In this week's New Yorker, James Surowiecki has a great piece on health care. (How's this for a lede? "There are times when Americans' attitude toward health-care reform seems a bit like St. Augustine’s take on chastity: Give it to us, Lord, but not yet.") It examines the current debate through two concepts: the "endowment effect" (owning something makes you overvalue it) and the "status quo bias" (people tend to prefer the, well, status quo). If there's something vaguely Gladwellian about this, Surowiecki manages to be both original and non-strident---harder than it sounds when it comes to health care.
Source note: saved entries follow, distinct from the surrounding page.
lemma lin_span_loc_iff:
  "v' \<in> lin_span L n (loc_tuple c) \<longleftrightarrow> (\<exists>v s. v \<in> lin_span R n c \<and> s \<in> S \<and> v' = frac (v, s))"
proof
  assume "v' \<in> lin_span L n (loc_tuple c)"
  then obtain r where r: "\<forall>i<n. r i \<in> carrier L" "v' = (\<Oplus>\<^bsub>L\<^esub> i\<in>{..<n}. r i \<otimes>\<^bsub>L\<^esub> loc_tuple c i)"
    by (rule Loc.lin_spanE)
  obtain d s where ds: "s \<in> S" "\<forall>i<n. d i \<in> carrier R \<and> r i = frac (d i, s)"
    using loc_common_denominator[OF r(1)] by blast
  have "v' = (\<Oplus>\<^bsub>L\<^esub> i\<in>{..<n}. frac (d i, s) \<otimes>\<^bsub>L\<^esub> loc_tuple c i)"
    using r(2) ds loc_tuple_closed by (auto intro!: Loc.fsum_cong intro: frac_closed)
  also have "\<dots> = frac (\<Oplus>i\<in>{..<n}. d i \<otimes> c i, s)"
    using ds by (intro loc_lincomb_loc_tuple) auto
  finally show "\<exists>v s. v \<in> lin_span R n c \<and> s \<in> S \<and> v' = frac (v, s)"
    using ds lin_spanI[of n d] by blast
next
  assume "\<exists>v s. v \<in> lin_span R n c \<and> s \<in> S \<and> v' = frac (v, s)"
  then obtain d s where d: "\<forall>i<n. d i \<in> carrier R" and s: "s \<in> S"
    and v': "v' = frac (\<Oplus>i\<in>{..<n}. d i \<otimes> c i, s)"
    by (auto elim: lin_spanE)
  then have "v' = (\<Oplus>\<^bsub>L\<^esub> i\<in>{..<n}. frac (d i, s) \<otimes>\<^bsub>L\<^esub> loc_tuple c i)"
    by (simp add: loc_lincomb_loc_tuple)
  then show "v' \<in> lin_span L n (loc_tuple c)"
    using d s frac_closed by (intro Loc.lin_spanI) auto
qed

lemma is_relation_loc:
  assumes "is_relation R n c d"
  shows "is_relation L n (loc_tuple c) (loc_tuple d)"
proof -
  have d: "\<forall>i<n. d i \<in> carrier R" "(\<Oplus>i\<in>{..<n}. d i \<otimes> c i) = \<zero>"
    using assms unfolding is_relation_def by auto
  then have "(\<Oplus>\<^bsub>L\<^esub> i\<in>{..<n}. loc_tuple d i \<otimes>\<^bsub>L\<^esub> loc_tuple c i) = \<zero>\<^bsub>L\<^esub>"
    using one_in_S by (simp add: loc_lincomb_loc_tuple loc_zero)
  then show ?thesis
    unfolding is_relation_def using d one_in_S frac_closed by auto
qed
But I was struck less by Surowiecki's content than by his form. A couple of weeks ago, I wrote a story for Splice Today on the New Yorker's fabled fact-checking department and its stubborn refusal to link to sources. My main piece of evidence was Nicholson Baker's story on the Kindle, which mentions a YouTube video but by the wrong name---a mistake easily avoided if his editors had only linked to the video in their online edition.
This is what makes Surowiecki's column so interesting: it has links, lots of links, 15 in all, mostly to the political polls and broader scientific studies on which Surowiecki builds his argument. I can't remember another New Yorker story doing this. I looked through Surowiecki's archive, and, while he regularly cites statistics and other linkable data, this is his first "Financial Page" column to include links. (As opposed to his blog, which links regularly.)
It would be preposterous for Splice to take any credit for this shift. (And it's a minor shift, anyway: the issue's non-Surowiecki stories don't link.) Still, if we bash the New Yorker's staff when they blow it, we should praise them when they get it right---even if they never emailed back.